Definitely! I understand why you would take on this project. It's fun too  The coding seems actually rather functional. I've always wondered how to use input tags and the like to create something as complex as a quiz. There is so many things you need to consider. (I personally know near to nothing about XML, and have only briefly delved into PHP, which can - to my limited understanding - also be used to crosspatch a site without repeating certain parts.) Do you have any good resources you could share on XML use and the creation of multiple choice quizzes? 

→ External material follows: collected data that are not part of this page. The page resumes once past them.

fun a_minus_t :: "(complex \<Rightarrow> 'b::ring_1 \<Rightarrow> 'b) \<Rightarrow> ('b \<Rightarrow> 'b) \<Rightarrow> ('b \<Rightarrow> complex) \<Rightarrow> 'b
    \<Rightarrow> complex \<times> 'b list \<Rightarrow> 'b fvec" where
  "a_minus_t smul \<gamma> \<phi> b (c, []) = []"
| "a_minus_t smul \<gamma> \<phi> b (c, [u]) = [(c * \<phi> (b * u), [])]"
| "a_minus_t smul \<gamma> \<phi> b (c, u1 # u2 # w) = [(c, gp smul \<gamma> \<phi> (b * u1) * u2 # w)]"

definition a_minus :: "(complex \<Rightarrow> 'b::ring_1 \<Rightarrow> 'b) \<Rightarrow> ('b \<Rightarrow> 'b) \<Rightarrow> ('b \<Rightarrow> complex) \<Rightarrow> 'b
    \<Rightarrow> 'b fvec \<Rightarrow> 'b fvec" where
  "a_minus smul \<gamma> \<phi> b \<xi> = concat (map (a_minus_t smul \<gamma> \<phi> b) \<xi>)"

fun a_zero_t :: "('b \<Rightarrow> 'b \<Rightarrow> 'b) \<Rightarrow> 'b \<Rightarrow> complex \<times> 'b list \<Rightarrow> 'b fvec" where
  "a_zero_t \<Lambda> b (c, []) = []"
| "a_zero_t \<Lambda> b (c, u # w) = [(c, \<Lambda> b u # w)]"

definition a_zero :: "('b \<Rightarrow> 'b \<Rightarrow> 'b) \<Rightarrow> 'b \<Rightarrow> 'b fvec \<Rightarrow> 'b fvec" where
  "a_zero \<Lambda> b \<xi> = concat (map (a_zero_t \<Lambda> b) \<xi>)"

definition Xop :: "(complex \<Rightarrow> 'b::ring_1 \<Rightarrow> 'b) \<Rightarrow> ('b \<Rightarrow> 'b) \<Rightarrow> ('b \<Rightarrow> complex)
    \<Rightarrow> ('b \<Rightarrow> 'b \<Rightarrow> 'b) \<Rightarrow> 'b \<Rightarrow> 'b fvec \<Rightarrow> 'b fvec" where
  "Xop smul \<gamma> \<phi> \<Lambda> b \<xi> = a_plus b \<xi> @ a_minus smul \<gamma> \<phi> b \<xi> @ a_zero \<Lambda> b \<xi>"

definition psi :: "(complex \<Rightarrow> 'b::ring_1 \<Rightarrow> 'b) \<Rightarrow> ('b \<Rightarrow> 'b) \<Rightarrow> ('b \<Rightarrow> 'b) \<Rightarrow> ('b \<Rightarrow> complex)
    \<Rightarrow> ('b fvec \<Rightarrow> 'b fvec) \<Rightarrow> complex" where
  "psi smul star \<gamma> \<phi> A = fock_ip smul star \<gamma> \<phi> (A vac) vac"

text \<open>NC(n): non-crossing partitions of {0,...,n-1} (0-based indices).\<close>

definition NC :: "nat \<Rightarrow> nat set set set" where
  "NC n = {P. partition_on {0..<n} P \<and>
     (\<forall>V\<in>P. \<forall>W\<in>P. V \<noteq> W \<longrightarrow>
        \<not> (\<exists>a b c d. a < b \<and> b < c \<and> c < d \<and> a \<in> V \<and> c \<in> V \<and> b \<in> W \<and> d \<in> W))}"

text \<open>Interval partitions of {1..k}, listed left to right, correspond to compositions of k
  (lists of positive block sizes summing to k); chunks cuts a list into the blocks.\<close>

definition comps :: "nat \<Rightarrow> nat list set" where
  "comps k = {cs. (\<forall>c\<in>set cs. 0 < c) \<and> sum_list cs = k}"

fun chunks :: "nat list \<Rightarrow> 'a list \<Rightarrow> 'a list list" where
  "chunks [] xs = []"
| "chunks (c # cs) xs = take c xs # chunks cs (drop c xs)"

definition wblk :: "('b::ring_1 \<Rightarrow> 'b \<Rightarrow> 'b) \<Rightarrow> ('b \<Rightarrow> 'b) \<Rightarrow> ('b list \<Rightarrow> 'b \<Rightarrow> 'b)
    \<Rightarrow> 'b list \<Rightarrow> 'b \<Rightarrow> 'b" where
  "wblk \<Lambda> \<gamma> Rrec blk v =
     (if length blk = 1 then \<Lambda> (hd blk) v
      else \<gamma> (hd blk * Rrec (butlast (tl blk)) (last blk)) * v)"

text \<open>The recursion, with a fuel argument guaranteeing termination (fuel length+1 suffices).\<close>

primrec Rfuel :: "('b::ring_1 \<Rightarrow> 'b \<Rightarrow> 'b) \<Rightarrow> ('b \<Rightarrow> 'b) \<Rightarrow> nat \<Rightarrow> 'b list \<Rightarrow> 'b \<Rightarrow> 'b" where
  "Rfuel \<Lambda> \<gamma> 0 us v = v"
| "Rfuel \<Lambda> \<gamma> (Suc f) us v =
     (if us = [] then v
      else (\<Sum>cs\<in>comps (length us).
              foldr (\<circ>) (map (wblk \<Lambda> \<gamma> (Rfuel \<Lambda> \<gamma> f)) (chunks cs us)) id v))"

definition Rprime :: "('b::ring_1 \<Rightarrow> 'b \<Rightarrow> 'b) \<Rightarrow> ('b \<Rightarrow> 'b) \<Rightarrow> 'b list \<Rightarrow> 'b \<Rightarrow> 'b" where
  "Rprime \<Lambda> \<gamma> us = Rfuel \<Lambda> \<gamma> (Suc (length us)) us"

definition ip_phi :: "('b::ring_1 \<Rightarrow> 'b) \<Rightarrow> ('b \<Rightarrow> complex) \<Rightarrow> 'b \<Rightarrow> 'b \<Rightarrow> complex" where
  "ip_phi star \<phi> f g = \<phi> (star g * f)"

end

theory Submission
  imports Defs
begin

text \<open>
  The vacuum coefficient of \<open>X(u\<^sub>1)\<cdots>X(u\<^sub>k)\<close> applied to a word is computed by following its
  first letter: the operators to its right act on it through creation, preservation and
  annihilation exactly as in the recursion defining \<open>R'\<close>, except that \<open>\<gamma> + \<phi>\<close> replaces
  \<open>\<gamma>\<close>, until some \<open>X(u\<^sub>p)\<close> annihilates it. This yields a recursion for the moments in the
  position of that annihilation. Expanding \<open>\<gamma> + \<phi> = \<gamma> + \<phi>(\<cdot>)1\<close> rewrites \<open>R'\<close> built with
  \<open>\<gamma> + \<phi>\<close> as a sum over subsets \<open>T\<close> of \<open>R'\<close> built with \<open>\<gamma>\<close> on \<open>T\<close>, weighted by the
  moments of the gaps left by \<open>T\<close>.

  On the combinatorial side, a non-crossing partition is the block through its maximum
  together with arbitrary non-crossing partitions of the gaps of that block. Hence the sums
  over \<open>NC\<close> of products of \<open>K(v\<^sub>1,\<dots>,v\<^sub>m) = \<phi>[v\<^sub>1 R'[v\<^sub>2,\<dots>,v\<^bsub>m-1\<^esub>](v\<^sub>m)]\<close> (and \<open>K = 0\<close>
  on singletons) satisfy the same recursion as the moments, so \<open>K\<close> satisfies the
  moment-cumulant formula. As this formula determines the free cumulants, \<open>R\<^sub>n = K\<close>.
\<close>

section \<open>Sublists and sums over subsets\<close>

lemma nths_beyond_length: "\<forall>i\<in>B. length xs \<le> i \<Longrightarrow> nths xs B = []"
  by (simp add: length_nths flip: length_0_conv) (use leD in blast)

lemma nths_union_ordered:
  "\<forall>a\<in>A. \<forall>b\<in>B. a < b \<Longrightarrow> nths xs (A \<union> B) = nths xs A @ nths xs B"
proof (induct xs rule: rev_induct)
  case (snoc x xs)
  show ?case
  proof (cases "length xs \<in> A")
    case True
    then have "length xs \<notin> B" "\<forall>i\<in>B. length xs \<le> i" using snoc.prems by force+
    then show ?thesis using snoc True by (simp add: nths_append nths_beyond_length)
  qed (use snoc in \<open>simp add: nths_append\<close>)
qed simp

lemma nths_singleton_index: "i < length xs \<Longrightarrow> nths xs {i} = [xs ! i]"
  by (induct xs rule: rev_induct) (auto simp: nths_append nth_append nths_beyond_length)

lemma length_nths_subset: "A \<subseteq> {..<length xs} \<Longrightarrow> length (nths xs A) = card A"
  by (simp add: length_nths Collect_conj_eq Int_absorb1 Collect_mem_eq flip: lessThan_def)

lemma nths_split_at:
  assumes "p \<in> A" "A \<subseteq> {..<length xs}"
  shows "nths xs A = nths xs {x\<in>A. x < p} @ [xs ! p] @ nths xs {x\<in>A. p < x}"
proof -
  have "A = {x\<in>A. x < p} \<union> ({p} \<union> {x\<in>A. p < x})" using assms by auto
  also have "nths xs \<dots> = nths xs {x\<in>A. x < p} @ nths xs {p} @ nths xs {x\<in>A. p < x}"
    by (subst nths_union_ordered, fastforce)+ (rule refl)
  also have "nths xs {p} = [xs ! p]" using assms by (intro nths_singleton_index) auto
  finally show ?thesis .
qed

lemma nths_snoc_Max:
  assumes "finite S" "S \<noteq> {}" "S \<subseteq> {..<length xs}"
  shows "nths xs S = nths xs (S - {Max S}) @ [xs ! Max S]"
proof -
  have above: "{x\<in>S. Max S < x} = {}" and below: "{x\<in>S. x < Max S} = S - {Max S}"
    using assms by (auto simp: order.not_eq_order_implies_strict)
  show ?thesis
    using nths_split_at[OF Max_in[OF assms(1,2)] assms(3)] unfolding above below by simp
qed

text \<open>Position \<open>q\<close> of \<open>nths xs A\<close> holds the element of \<open>A\<close> with exactly \<open>q\<close> smaller elements.\<close>

lemma sum_positions_nths:
  assumes A: "A \<subseteq> {..<length xs}"
  shows "(\<Sum>q<length (nths xs A). h (take q (nths xs A)) (nths xs A ! q) (drop (Suc q) (nths xs A)))
       = (\<Sum>p\<in>A. h (nths xs {x\<in>A. x < p}) (xs ! p) (nths xs {x\<in>A. p < x}))"
proof -
  have fin: "finite A" using A finite_subset by blast
  define rk where "rk p = card {x\<in>A. x < p}" for p
  have rk_less: "rk p < rk q" if "p \<in> A" "q \<in> A" "p < q" for p q
  proof -
    have "{x\<in>A. x < p} \<subset> {x\<in>A. x < q}" using that by auto
    then show ?thesis unfolding rk_def by (rule psubset_card_mono[rotated]) (use fin in auto)
  qed
  have inj: "inj_on rk A"
    using rk_less by (intro strict_mono_on_imp_inj_on) (simp add: strict_mono_on_def)
  have img: "rk ` A = {..<card A}"
  proof (rule card_subset_eq)
    have "rk p < card A" if "p \<in> A" for p
    proof -
      have "{x\<in>A. x < p} \<subset> A" using that by auto
      then show ?thesis unfolding rk_def by (rule psubset_card_mono[OF fin])
    qed
    then show "rk ` A \<subseteq> {..<card A}" by auto
  qed (simp_all add: card_image[OF inj])
  have "(\<Sum>q<length (nths xs A). h (take q (nths xs A)) (nths xs A ! q) (drop (Suc q) (nths xs A)))
      = (\<Sum>p\<in>A. h (take (rk p) (nths xs A)) (nths xs A ! rk p) (drop (Suc (rk p)) (nths xs A)))"
    unfolding length_nths_subset[OF A] img[symmetric] by (rule sum.reindex[OF inj, unfolded comp_def])
  also have "\<dots> = (\<Sum>p\<in>A. h (nths xs {x\<in>A. x < p}) (xs ! p) (nths xs {x\<in>A. p < x}))"
  proof (rule sum.cong[OF refl])
    fix p assume p: "p \<in> A"
    have l: "length (nths xs {x\<in>A. x < p}) = rk p"
      unfolding rk_def by (rule length_nths_subset) (use A in auto)
    show "h (take (rk p) (nths xs A)) (nths xs A ! rk p) (drop (Suc (rk p)) (nths xs A))
        = h (nths xs {x\<in>A. x < p}) (xs ! p) (nths xs {x\<in>A. p < x})"
      unfolding nths_split_at[OF p A] l[symmetric] by simp
  qed
  finally show ?thesis .
qed

lemma sum_positions_nths_below_Max:
  assumes S: "finite S" "S \<subseteq> {..<length xs}" and n: "n = Max S"
  defines "r \<equiv> nths xs (S - {n})"
  shows "(\<Sum>q<length r. h (take q r) (r ! q) (drop (Suc q) r))
       = (\<Sum>p\<in>S - {n}. h (nths xs {x\<in>S. x < p}) (xs ! p) (nths xs {x\<in>S. p < x \<and> x < n}))"
proof -
  have less: "p < n" if "p \<in> S - {n}" for p
    using that S(1) n by (simp add: order.not_eq_order_implies_strict)
  have sets: "{x\<in>S - {n}. x < p} = {x\<in>S. x < p}" "{x\<in>S - {n}. p < x} = {x\<in>S. p < x \<and> x < n}"
    if "p \<in> S - {n}" for p
    using that less[OF that] less by force+
  have "(\<Sum>q<length r. h (take q r) (r ! q) (drop (Suc q) r))
      = (\<Sum>p\<in>S - {n}. h (nths xs {x\<in>S - {n}. x < p}) (xs ! p) (nths xs {x\<in>S - {n}. p < x}))"
    unfolding r_def by (rule sum_positions_nths) (use S in auto)
  also have "\<dots> = (\<Sum>p\<in>S - {n}. h (nths xs {x\<in>S. x < p}) (xs ! p) (nths xs {x\<in>S. p < x \<and> x < n}))"
    by (intro sum.cong refl) (simp only: sets)
  finally show ?thesis .
qed

lemma sum_triangle_shift:
  fixes h :: "nat \<Rightarrow> nat \<Rightarrow> 'a::comm_monoid_add"
  shows "(\<Sum>p'<L. \<Sum>p<p'. h p p') = (\<Sum>p<L. \<Sum>q<L - Suc p. h p (Suc p + q))"
proof (induct L)
  case (Suc L)
  have "(\<Sum>q<Suc L - Suc p. h p (Suc p + q)) = (\<Sum>q<L - Suc p. h p (Suc p + q)) + h p L"
    if "p < L" for p
  proof -
    have "Suc L - Suc p = Suc (L - Suc p)" "Suc (p + (L - Suc p)) = L" using that by auto
    then show ?thesis by simp
  qed
  then show ?case by (simp add: Suc sum.distrib)
qed simp

lemma sum_Pow_by_Max:
  fixes h :: "'b::linorder set \<Rightarrow> 'a::comm_monoid_add"
  assumes "finite X"
  shows "(\<Sum>T\<in>Pow X. h T) = h {} + (\<Sum>t\<in>X. \<Sum>T\<in>Pow {y\<in>X. y < t}. h (insert t T))"
  using assms
proof (induct X rule: finite_linorder_max_induct)
  case (insert b A)
  have bA: "b \<notin> A" and A_eq: "{y\<in>insert b A. y < b} = A" using insert by auto
  have "(\<Sum>T\<in>Pow (insert b A). h T) = (\<Sum>T\<in>Pow A. h T) + (\<Sum>T\<in>Pow A. h (insert b T))"
  proof -
    have "(\<Sum>T\<in>insert b ` Pow A. h T) = (\<Sum>T\<in>Pow A. h (insert b T))"
      by (rule sum.reindex_cong[where l="insert b"]) (use bA in \<open>auto simp: inj_on_def\<close>)
    then show ?thesis
      unfolding Pow_insert by (subst sum.union_disjoint) (use insert bA in auto)
  qed
  moreover have "{y\<in>A. y < t} = {y\<in>insert b A. y < t}" if "t \<in> A" for t
    using that insert by auto
  ultimately show ?case using insert bA A_eq by (simp add: add_ac)
qed simp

I'll come back to you later with some simple graphics/design plan in mind. Although now that I think about it, for shorter page loading times you could also just code shadows (box shadow) and rounded edges (border radius) for your text frames (I believe you are using divs to contain text here?) and perhaps change the color scheme around a bit to get a simple and nice look. This is a helpful tool for playing with the two mentioned CSS tricks for better looking pages.


----------



## eb44345

@disguise

I've already been programming with C/C++/C# for years and kind of naturally drawn to the field for years. Programming comes really naturally to me. Actually since learning that I'm INTJ I realize that this kind of abstract, creative, yet very logical, structured thinking that's required to create things from scratch and see how the whole thing will work in the end comes really naturally to me. Gave me a lot of confidence actually. I don't get so intimidated anymore by someone listing off a list of skills that I would need to know in order to apply for a particular programming position. Give me the list of things to learn and I'll pick them up no problem is my approach now.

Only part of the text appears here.